TRY IT: The expected output is each line below containing "moreover", copied in full.

Data records:
▽

text \<open>Writing u + s n = (1 - t) (u / (1 - t)) + t (s n / t), convexity and J n = 0 give
  J (u + s n) \<le> (1 - t)^(1 - p) J u, which tends to J u as t \<down> 0. Hence s \<langle>\<zeta>, n\<rangle> \<le> 0
  for both s = 1 and s = -1.\<close>
lemma subdiff_orthogonal_null_set:
  assumes convex: "convex_fun J" and hom: "abs_p_homogeneous p J" and "proper_fun J"
    and subgrad: "\<zeta> \<in> subdiff J u" and "n \<in> null_set J"
  shows "inner \<zeta> n = 0"
proof -
  obtain j where "J u = ereal j"
    using \<open>proper_fun J\<close> subgrad by (rule proper_fun_subdiff_finite)
  have "s * inner \<zeta> n \<le> 0" if "s = 1 \<or> s = -1" for s :: real
  proof -
    have "eventually (\<lambda>t. s * inner \<zeta> n \<le> (1 - t) * (1 / (1 - t)) powr p * j - j) (at_right 0)"
      using eventually_at_right_real[OF zero_less_one]
    proof eventually_elim
      case (elim t)
      have "J u + ereal (inner \<zeta> (s *\<^sub>R n)) = J u + ereal (inner \<zeta> ((u + s *\<^sub>R n) - u))"
        by simp
      also have "\<dots> \<le> J (u + s *\<^sub>R n)"
        using subgrad unfolding subdiff_def by blast
      also have "u + s *\<^sub>R n = (1 - t) *\<^sub>R ((1 / (1 - t)) *\<^sub>R u) + t *\<^sub>R ((s / t) *\<^sub>R n)"
        using elim by simp
      also have "J \<dots> \<le> ereal (1 - t) * J ((1 / (1 - t)) *\<^sub>R u) + ereal t * J ((s / t) *\<^sub>R n)"
        using elim by (intro convex[unfolded convex_fun_def, rule_format]) simp
      also have "\<dots> = ereal ((1 - t) * (1 / (1 - t)) powr p * j)"
      proof -
        have "J ((1 / (1 - t)) *\<^sub>R u) = ereal ((1 / (1 - t)) powr p * j)"
          using hom elim \<open>J u = ereal j\<close> by (simp add: abs_p_homogeneous_def)
        moreover have "s / t \<noteq> 0"
          using that elim by auto
        then have "J ((s / t) *\<^sub>R n) = 0"
          using hom \<open>n \<in> null_set J\<close> by (simp add: abs_p_homogeneous_def null_set_def)
        ultimately show ?thesis
          by (simp add: mult.assoc)
      qed
      finally show ?case
        using \<open>J u = ereal j\<close> by simp
    qed
    moreover have "((\<lambda>t. (1 - t) * (1 / (1 - t)) powr p * j - j) \<longlongrightarrow> 0) (at_right 0)"
    proof -
      have "((\<lambda>t. (1 - t) * (1 / (1 - t)) powr p * j - j) \<longlongrightarrow> (1 - 0) * (1 / (1 - 0)) powr p * j - j) (at_right 0)"
        by (intro tendsto_intros) auto
      then show ?thesis
        by simp
    qed
    ultimately show ?thesis
      by (intro tendsto_lowerbound[OF _ _ trivial_limit_at_right_real])
  qed
  from this[of 1] this[of "-1"] show ?thesis
    by simp
qed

△

RESULT BELOW:
        moreover have "s / t \<noteq> 0"
    moreover have "((\<lambda>t. (1 - t) * (1 / (1 - t)) powr p * j - j) \<longlongrightarrow> 0) (at_right 0)"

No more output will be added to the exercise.